The Chinese have rejected accusations that they are brutally repressing Uighurs, claiming they are combating terrorism, religious extremism and separatism. (AFP pic)
In the last few months, the International Movement for a Just World (JUST), like so many other civil society groups in various parts of the world, has been inundated with videos and articles from different sources alleging cruel persecution and harsh oppression of the Uighur Muslim minority in Xinjiang province in the western part of China.
It is alleged that the Chinese government views the Uighur and also some other Muslim groups, such as the Kazakhs and Kyrgyzas, as threats to national security given their purported links to terrorism and separatist insurgency.
A UN human rights panel had issued a report in August 2018 that stated that in order to wean them away from terrorism “as many as two million people may have been forced into a vast network of detention camps” in Xinjiang.
In these camps, according to dissident Uighurs, there is a systematic effort to brainwash the detainees. The propaganda is not just about immunising them against militancy or separatist ideologies.
They are required, it is alleged, to give up Islamic prohibitions and even to renounce their faith. Torture is apparently common in these camps and deaths have occurred. Some critics have gone so far as to describe the targeting of the Uighurs as “the most brutal repression the regime has undertaken since the Cultural Revolution”.
The Chinese authorities have denied vehemently these allegations. They reject any suggestion that there has been forced renunciation of Islam in the camps. They admit though that there are re-education centres but focused entirely on combating terrorism, religious extremism and separatism.
These denials have not convinced the critics, especially those from civil society in the West and the East. They persist with their allegations and are disappointed that governments as a whole have chosen to keep quiet about the atrocities supposedly committed by the Chinese authorities.
They attribute their silence to the governments’ fear that China, with its huge economic might , will make things difficult for countries that have become dependent upon Chinese investments and trade for their own economic well-being.
At the same time, it is equally true that China is being attacked much more in the media and by civil society groups today than in the past because of its phenomenal rise as a global power. The forces that dominate the present global system resent this since they are hell-bent on perpetuating their hegemony. This is why they are using the media and civil society to expose flaws and foibles in Chinese governance.

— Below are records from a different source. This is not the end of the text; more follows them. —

(* For all integers $n\ge 0$ and $\alpha\ge 0$, \[\overline{p}\big(4^{\alpha}(40n+35)\big)\equiv 0 \pmod 5,\] and \[\overline{p}(5\cdot 4^{\alpha+1} n)\equiv (-1)^n\,\overline{p}(5n) \pmod 5.\]
   Context: An overpartition of a nonnegative integer $n$ is a partition of $n$ in which the first occurrence of each distinct part may (or may not) be overlined; $\overline{p}(n)$ denotes the number of overpartitions of $n$ (with $\overline{p}(0)=1$). Equivalently, $\sum_{n\ge0}\overline{p}(n)q^n=\prod_{k\ge1}\frac{1+q^k}{1-q^k}$. *)

theory Defs
  imports Main "HOL-Library.Multiset" "HOL-Number_Theory.Cong"
begin

text \<open>A partition of n is a multiset of positive integers summing to n. An overpartition
  of n is a partition M of n together with a set S of distinct parts of M whose first
  occurrence is overlined.\<close>

definition overpartitions :: "nat \<Rightarrow> (nat multiset \<times> nat set) set" where
  "overpartitions n = {(M, S). (\<forall>x \<in># M. x > 0) \<and> sum_mset M = n \<and> S \<subseteq> set_mset M}"

definition overpartition_count :: "nat \<Rightarrow> nat" where
  "overpartition_count n = card (overpartitions n)"

end

theory Submission
  imports Defs
    "HOL-Computational_Algebra.Formal_Laurent_Series"
    "HOL-Computational_Algebra.Primes"
begin

text \<open>
  The proof follows the generating-function route.
  \<^item> Overpartitions with parts at most \<open>K\<close> obey a simple recurrence, so their generating
    function is \<open>\<Prod>k\<le>K. (1 + q\<^sup>k)/(1 - q\<^sup>k)\<close> (recorded without division).
  \<^item> A finite form of Jacobi's triple product for Gaussian binomials in \<open>q\<^sup>2\<close>, combined
    with truncation below a fixed degree, yields Gauss's identity \<open>theta \<cdot> P = 1\<close> for the
    overpartition series \<open>P\<close> and \<open>theta = \<Sum>k\<in>\<int>. (-1)\<^sup>k q\<^bsup>k\<^sup>2\<^esup>\<close>.
  \<^item> The Frobenius congruence \<open>f\<^sup>p \<equiv> f(q\<^sup>p) (mod p)\<close> gives \<open>P \<equiv> theta\<^bsup>p-1\<^esup> P(q\<^sup>p)\<close>;
    reading off coefficients at multiples of \<open>p\<close> shows \<open>p\<^bsup>-\<^esup>(pn) \<equiv> [q\<^sup>n] theta\<^bsup>p-2\<^esup>\<close>,
    provided the \<open>p\<close>-section of \<open>theta\<^bsup>p-1\<^esup>\<close> is congruent to \<open>theta\<^bsup>p-1\<^esup>\<close>.
  \<^item> For \<open>p = 5\<close> that proviso is \<open>r\<^sub>4(5n) \<equiv> r\<^sub>4(n) (mod 5)\<close>, proved by double counting
    with quaternions of norm 5.  Since \<open>theta\<^sup>3\<close> counts sums of three squares with sign,
    \<open>p\<^bsup>-\<^esup>(5n) \<equiv> (-1)\<^sup>n r\<^sub>3(n) (mod 5)\<close>.
  \<^item> Both congruences of \<open>corollary1\<close> then follow from \<open>r\<^sub>3(8n + 7) = 0\<close> and
    \<open>r\<^sub>3(4n) = r\<^sub>3(n)\<close>.
\<close>

definition bounded_overpartitions :: "nat \<Rightarrow> nat \<Rightarrow> (nat multiset \<times> nat set) set" where
  "bounded_overpartitions K n =
     {(M, S). (\<forall>x\<in>#M. 0 < x \<and> x \<le> K) \<and> sum_mset M = n \<and> S \<subseteq> set_mset M}"

lemma part_le_sum_mset: "x \<in># M \<Longrightarrow> x \<le> sum_mset (M :: nat multiset)"
  using sum_mset.remove by fastforce

lemma size_le_sum_mset: "\<forall>x\<in>#M. 0 < x \<Longrightarrow> size M \<le> sum_mset (M :: nat multiset)"
  by (induction M) auto

text \<open>A part never exceeds the number partitioned, so a bound \<open>K \<ge> n\<close> is no restriction.\<close>

lemma overpartitions_eq_bounded: "n \<le> K \<Longrightarrow> overpartitions n = bounded_overpartitions K n"
  unfolding overpartitions_def bounded_overpartitions_def using part_le_sum_mset by fastforce

lemma finite_overpartitions: "finite (overpartitions n)"
proof (rule finite_subset)
  show "overpartitions n \<subseteq> (\<Union>k\<le>n. multisets_of_size {1..n} k) \<times> Pow {1..n}"
  proof
    fix p assume "p \<in> overpartitions n"
    then obtain M S where p: "p = (M, S)" and pos: "\<forall>x\<in>#M. 0 < x"
      and sum: "sum_mset M = n" and sub: "S \<subseteq> set_mset M"
      by (auto simp: overpartitions_def)
    have parts: "set_mset M \<subseteq> {1..n}"
      using pos sum part_le_sum_mset by fastforce
    moreover have "size M \<le> n" using size_le_sum_mset[OF pos] sum by simp
    ultimately show "p \<in> (\<Union>k\<le>n. multisets_of_size {1..n} k) \<times> Pow {1..n}"
      using p sub by (auto simp: multisets_of_size_def)
  qed
qed auto

lemma finite_bounded_overpartitions: "finite (bounded_overpartitions K n)"
  by (rule finite_subset[OF _ finite_overpartitions[of n]])
    (auto simp: overpartitions_def bounded_overpartitions_def)

lemma bounded_overpartitions_0: "bounded_overpartitions 0 n = (if n = 0 then {({#}, {})} else {})"
proof -
  have "(\<forall>x\<in>#M. 0 < x \<and> x \<le> (0::nat)) \<longleftrightarrow> M = {#}" for M
    by (cases M) auto
  then show ?thesis by (auto simp: bounded_overpartitions_def)
qed

lemma bij_add_part:
  assumes "0 < k" "k \<le> K"
  shows "bij_betw (\<lambda>(M, S). (add_mset k M, S)) (bounded_overpartitions K n)
           {p \<in> bounded_overpartitions K (n + k). k \<in># fst p \<and> (k \<in> snd p \<longrightarrow> 2 \<le> count (fst p) k)}"
    (is "bij_betw _ _ ?A")
proof (rule bij_betwI[where g = "\<lambda>(M, S). (M - {#k#}, S)"])
  show "(\<lambda>(M, S). (add_mset k M, S)) \<in> bounded_overpartitions K n \<rightarrow> ?A"
    using assms by (auto simp: bounded_overpartitions_def)
  show "(\<lambda>(M, S). (M - {#k#}, S)) \<in> ?A \<rightarrow> bounded_overpartitions K n"
  proof
    fix p assume "p \<in> ?A"
    then obtain M S where p: "p = (M, S)" and M: "(M, S) \<in> bounded_overpartitions K (n + k)"
      "k \<in># M" and twice: "k \<in> S \<longrightarrow> 2 \<le> count M k"
      by (cases p) auto
    have "sum_mset (M - {#k#}) = n"
      using M sum_mset.remove[of k M] by (auto simp: bounded_overpartitions_def)
    moreover have "S \<subseteq> set_mset (M - {#k#})"
      using M twice by (auto simp: bounded_overpartitions_def in_diff_count)
    ultimately show "(\<lambda>(M, S). (M - {#k#}, S)) p \<in> bounded_overpartitions K n"
      using M p by (auto simp: bounded_overpartitions_def dest: in_diffD)
  qed
qed (auto simp: bounded_overpartitions_def)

How Beijing treats the Uighurs and other minorities is perhaps one of those flaws that is susceptible to manipulation and distortion. And indeed, there has been a great deal of exaggeration and hyperbole in the media about the plight of the Uighurs. This does not mean however that the real challenges confronting the Uighurs and other minorities should be glossed over.
To convince everyone that the Chinese government is willing to address genuine Uighur grievances, it should invite representatives from civil society in a number of Muslim-majority countries to undertake a fact-finding mission to Xinjiang, whose primary purpose would be to examine and analyse the actual situation on the ground facing the Uighur and other alleged victims of persecution.

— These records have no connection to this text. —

lemma B1_add_class:
  "p \<in> free_alg \<Longrightarrow> q \<in> free_alg \<Longrightarrow>
     hull_class (a, p) \<oplus>\<^bsub>B1\<^esub> hull_class (b, q) = hull_class (a + b, \<lambda>w. p w + q w)"
  using hull_class_lift[where f = hull_add and r = "(a, p)" and s = "(b, q)", OF hull_add_cong]
  by (simp add: B1_def hull_class_def hull_reps_iff hull_add_def ncp_add_def)

lemma B1_zero: "\<zero>\<^bsub>B1\<^esub> = hull_class (0, \<lambda>w. 0)"
  by (simp add: B1_def hull_class_def ncp_zero_def)

lemma B1_one: "\<one>\<^bsub>B1\<^esub> = hull_class (1, \<lambda>w. 0)"
  by (simp add: B1_def hull_class_def ncp_zero_def)

lemma free_alg_hull_mult:
  "p \<in> free_alg \<Longrightarrow> q \<in> free_alg \<Longrightarrow> (\<lambda>w. a * q w + b * p w + ncp_mult p q w) \<in> free_alg"
  by (intro free_alg_add free_alg_smult free_alg_ncp_mult)

lemma ring_B1: "ring (B1 :: 'a::field hull_elem ring)"
proof (rule ringI)
  show "abelian_group (B1 :: 'a hull_elem ring)"
  proof (rule abelian_groupI)
    fix x :: "'a hull_elem" assume "x \<in> carrier B1"
    then obtain a p where p: "p \<in> free_alg" "x = hull_class (a, p)" by (rule carrier_B1E)
    then have "hull_class (- a, \<lambda>w. - p w) \<oplus>\<^bsub>B1\<^esub> x = \<zero>\<^bsub>B1\<^esub>"
      by (simp add: B1_add_class free_alg_uminus B1_zero)
    then show "\<exists>y\<in>carrier B1. y \<oplus>\<^bsub>B1\<^esub> x = \<zero>\<^bsub>B1\<^esub>"
      using p by (blast intro: hull_class_in_carrier free_alg_uminus)
  qed (auto elim!: carrier_B1E
      simp: B1_add_class free_alg_add B1_zero hull_class_in_carrier ac_simps)
next
  show "monoid (B1 :: 'a hull_elem ring)"
  proof (rule monoidI)
    fix x y z :: "'a hull_elem"
    assume "x \<in> carrier B1" "y \<in> carrier B1" "z \<in> carrier B1"
    then show "x \<otimes>\<^bsub>B1\<^esub> y \<otimes>\<^bsub>B1\<^esub> z = x \<otimes>\<^bsub>B1\<^esub> (y \<otimes>\<^bsub>B1\<^esub> z)"
      by (elim carrier_B1E) (simp only: B1_mult_class free_alg_hull_mult,
          rule arg_cong[where f = hull_class], simp_all add: ncp_mult_linear algebra_simps)
  qed (auto elim!: carrier_B1E simp: B1_mult_class free_alg_hull_mult B1_one hull_class_in_carrier)
next
  fix x y z :: "'a hull_elem"
  assume "x \<in> carrier B1" "y \<in> carrier B1" "z \<in> carrier B1"
  then show "(x \<oplus>\<^bsub>B1\<^esub> y) \<otimes>\<^bsub>B1\<^esub> z = x \<otimes>\<^bsub>B1\<^esub> z \<oplus>\<^bsub>B1\<^esub> y \<otimes>\<^bsub>B1\<^esub> z"
    by (elim carrier_B1E) (simp only: B1_mult_class B1_add_class free_alg_hull_mult free_alg_add,
        rule arg_cong[where f = hull_class], simp_all add: ncp_mult_linear algebra_simps)
next
  fix x y z :: "'a hull_elem"
  assume "x \<in> carrier B1" "y \<in> carrier B1" "z \<in> carrier B1"
  then show "z \<otimes>\<^bsub>B1\<^esub> (x \<oplus>\<^bsub>B1\<^esub> y) = z \<otimes>\<^bsub>B1\<^esub> x \<oplus>\<^bsub>B1\<^esub> z \<otimes>\<^bsub>B1\<^esub> y"
    by (elim carrier_B1E) (simp only: B1_mult_class B1_add_class free_alg_hull_mult free_alg_add,
        rule arg_cong[where f = hull_class], simp_all add: ncp_mult_linear algebra_simps)
qed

The mission should have maximum access to the Uighur community and to the authorities in the province. Members of the mission should have the full freedom to visit the re-education centres and conduct interviews with detainees past and present. The mission’s report should be submitted to not only the authorities in Xinjiang and to the leaders of the Uighur community but also to the government in Beijing.
The countries from which the members of the mission are drawn and the world at large should also have full access to its findings.

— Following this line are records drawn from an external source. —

definition Yalpha :: "('v::euclidean_space \<Rightarrow> 'a::comm_ring_1) \<Rightarrow> 'v \<Rightarrow> ('v \<Rightarrow> 'v) \<Rightarrow> 'a" where
  "Yalpha x \<alpha> = (\<lambda>v. (if v = id then qinv (x (- \<alpha>)) else 0)
                    + (if v = refl \<alpha> then qinv (x \<alpha>) else 0))"

definition Yword :: "('v \<Rightarrow> 'v) set \<Rightarrow> (('v \<Rightarrow> 'v) \<Rightarrow> 'a \<Rightarrow> 'a) \<Rightarrow>
    ('v::euclidean_space \<Rightarrow> 'a::comm_ring_1) \<Rightarrow> 'v list \<Rightarrow> ('v \<Rightarrow> 'v) \<Rightarrow> 'a" where
  "Yword W act x l = foldr (\<lambda>\<alpha> acc. tmult W act (Yalpha x \<alpha>) acc) l (delta id)"

definition app_op :: "('v \<Rightarrow> 'v) set \<Rightarrow> (('v \<Rightarrow> 'v) \<Rightarrow> 'a \<Rightarrow> 'a) \<Rightarrow>
    (('v \<Rightarrow> 'v) \<Rightarrow> 'a::comm_ring_1) \<Rightarrow> 'a \<Rightarrow> 'a" where
  "app_op W act X f = (\<Sum>w\<in>W. X w * act w f)"

definition cvec :: "('v \<Rightarrow> 'v) set \<Rightarrow> (('v \<Rightarrow> 'v) \<Rightarrow> 'a \<Rightarrow> 'a) \<Rightarrow> 'a::comm_ring_1 \<Rightarrow> ('v \<Rightarrow> 'v) \<Rightarrow> 'a" where
  "cvec W act f = (\<lambda>v. if v \<in> W then act v f else 0)"

definition hecke :: "('v \<Rightarrow> 'v) set \<Rightarrow> (('v \<Rightarrow> 'v) \<Rightarrow> 'a \<Rightarrow> 'a) \<Rightarrow>
    (('v \<Rightarrow> 'v) \<Rightarrow> 'a::comm_ring_1) \<Rightarrow> (('v \<Rightarrow> 'v) \<Rightarrow> 'a) \<Rightarrow> ('v \<Rightarrow> 'v) \<Rightarrow> 'a" where
  "hecke W act X z = (\<lambda>v. if v \<in> W then (\<Sum>w\<in>W. act v (X w) * z (v \<circ> w)) else 0)"

definition weyl :: "('v \<Rightarrow> 'v) set \<Rightarrow> (('v \<Rightarrow> 'v) \<Rightarrow> 'a \<Rightarrow> 'a) \<Rightarrow>
    (('v \<Rightarrow> 'v) \<Rightarrow> 'a::comm_ring_1) \<Rightarrow> (('v \<Rightarrow> 'v) \<Rightarrow> 'a) \<Rightarrow> ('v \<Rightarrow> 'v) \<Rightarrow> 'a" where
  "weyl W act X z = (\<lambda>v. if v \<in> W then (\<Sum>w\<in>W. X w * act w (z (inv w \<circ> v))) else 0)"

text \<open>pi = sum_w 1/w(x_Pi) delta_w, x_Pi = product of x_alpha over the negative roots.\<close>
definition piel :: "(('v \<Rightarrow> 'v) \<Rightarrow> 'a \<Rightarrow> 'a) \<Rightarrow> ('v \<Rightarrow> 'a::comm_ring_1) \<Rightarrow> 'v set \<Rightarrow> ('v \<Rightarrow> 'v) \<Rightarrow> 'a" where
  "piel act x Neg = (\<lambda>w. qinv (act w (\<Prod>\<alpha>\<in>Neg. x \<alpha>)))"

text \<open>zeta-dual_(I_w): the vector (phi(delta_v))_v of the functional phi with
  phi(Y_(I_u)) = Kronecker delta (w,u); phi is extended Q-linearly, so
  phi(Y_(I_u)) = sum_v (coefficient of delta_v in Y_(I_u)) * phi(delta_v).\<close>
definition zeta :: "('v \<Rightarrow> 'v) set \<Rightarrow> (('v \<Rightarrow> 'v) \<Rightarrow> 'a \<Rightarrow> 'a) \<Rightarrow>
    ('v::euclidean_space \<Rightarrow> 'a::comm_ring_1) \<Rightarrow> (('v \<Rightarrow> 'v) \<Rightarrow> 'v list) \<Rightarrow> ('v \<Rightarrow> 'v)
    \<Rightarrow> ('v \<Rightarrow> 'v) \<Rightarrow> 'a" where
  "zeta W act x I w = (THE z. (\<forall>v. v \<notin> W \<longrightarrow> z v = 0) \<and>
      (\<forall>u\<in>W. (\<Sum>v\<in>W. Yword W act x (I u) v * z v) = (if u = w then 1 else 0)))"

end

theory Submission
  imports Defs "HOL-Library.Sublist"
begin

(* Write Y_{I_u} = \<Sum>_v M u v \<delta>_v. Expanding Y_{\<alpha>} Y_l shows that M u v \<noteq> 0 only if v is
   represented by a subword of I_u, and M u u is a product of twisted inverses of the x_\<alpha>. As
   I_u is reduced, M is triangular with respect to the length of I_u with invertible diagonal,
   hence invertible, and the \<zeta>^\<or>_{I_w} are the columns of its inverse. Inverting gives the
   expansion c(f) = \<Sum>_w Y_{I_w}(f) \<zeta>^\<or>_{I_w}; evaluating it at u^-1 t and applying u gives
   c(g) = \<Sum>_v u(Y_{I_v}(g)) \<zeta>(u)^\<or>_{I_v}. Multiplying the two expansions coordinatewise and
   using that \<pi>\<bullet> is S-linear and only sees coordinates in W yields the formula. *)

lemma refl_refl [simp]: "refl a (refl a v) = v"
proof (cases "a = 0")
  case False
  then have "a \<bullet> a \<noteq> 0" by simp
  then show ?thesis
    unfolding refl_def by (simp add: inner_diff_left algebra_simps scaleR_diff_left)
qed (simp add: refl_def)

lemma refl_comp_refl [simp]: "refl a \<circ> refl a = id"
  by (simp add: fun_eq_iff)

lemma linear_refl: "linear (refl a)"
  unfolding refl_def
  by (rule linearI) (simp_all add: inner_add_left algebra_simps add_divide_distrib scaleR_add_left)

lemma refl_in_coxeter_group: "\<alpha> \<in> P \<Longrightarrow> refl \<alpha> \<in> coxeter_group P"
  using coxeter_group.cg_refl[OF coxeter_group.cg_id] by simp

lemma coxeter_group_comp:
  "v \<in> coxeter_group P \<Longrightarrow> w \<in> coxeter_group P \<Longrightarrow> v \<circ> w \<in> coxeter_group P"
  by (induction v rule: coxeter_group.induct) (auto simp: comp_assoc intro: coxeter_group.intros)

lemma word_elem_Cons: "word_elem (\<alpha> # l) = refl \<alpha> \<circ> word_elem l"
  by (simp add: word_elem_def)

lemma word_elem_in_coxeter_group: "set l \<subseteq> P \<Longrightarrow> word_elem l \<in> coxeter_group P"
  by (induction l) (auto simp: word_elem_def intro: coxeter_group.intros)

lemma coxeter_group_inv:
  assumes "w \<in> coxeter_group P"
  shows "inv w \<in> coxeter_group P" "w \<circ> inv w = id"
proof -
  from assms have "\<exists>w'\<in>coxeter_group P. w \<circ> w' = id \<and> w' \<circ> w = id"
  proof (induction w rule: coxeter_group.induct)
    case cg_id
    show ?case by (rule bexI[of _ id]) (simp_all add: coxeter_group.cg_id)
  next
    case (cg_refl w \<alpha>)
    then obtain w' where w': "w' \<in> coxeter_group P" "w \<circ> w' = id" "w' \<circ> w = id" by blast
    have "(refl \<alpha> \<circ> w) \<circ> (w' \<circ> refl \<alpha>) = id"
      by (simp add: fun_eq_iff pointfree_idE[OF w'(2)])
    moreover have "(w' \<circ> refl \<alpha>) \<circ> (refl \<alpha> \<circ> w) = id"
      by (simp add: fun_eq_iff pointfree_idE[OF w'(3)])
    ultimately show ?case
      using coxeter_group_comp[OF w'(1) refl_in_coxeter_group[OF cg_refl.hyps(2)]] by blast
  qed
  then obtain w' where "w' \<in> coxeter_group P" "w \<circ> w' = id" "w' \<circ> w = id" by blast
  moreover have "inv w = w'" using inv_unique_comp calculation(2,3) .
  ultimately show "inv w \<in> coxeter_group P" "w \<circ> inv w = id" by simp_all
qed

Most of all, one hopes that if the recommendations are feasible, Beijing and Xinjiang will try to implement them with sincere trust. If that is done, it is quite conceivable that the chapter on the Uighurs will be brought to a close.
It is in Beijing’s interest to resolve the Uighur issue in such a manner that the identity and dignity of the Uighurs and other minorities in Xinjiang are protected and enhanced. If injustices against Uighurs, real or perceived, are allowed to fester much longer, it may erode China’s standing among Muslim-majority countries.
This is especially so since the Hui, Muslims among the majority Han people, it is alleged, are also now being targeted by the authorities.
As negative perceptions of the Chinese government’s treatment of the Uighurs and other Muslims grow, there could be repercussions in the medium and long-term for China’s Belt Road Initiative (BRI) since it involves a large number of countries with substantial Muslim populations. China is also heavily dependent upon the import of oil from Muslim countries.
There are already civil society groups in a couple of these countries which are unhappy about Beijing’s attitude towards the Uighurs and Muslims in general. They are demanding action against Beijing.
Viewed in this context, resolving the Uighur challenge immediately may well secure China’s economic position and fortify its global role.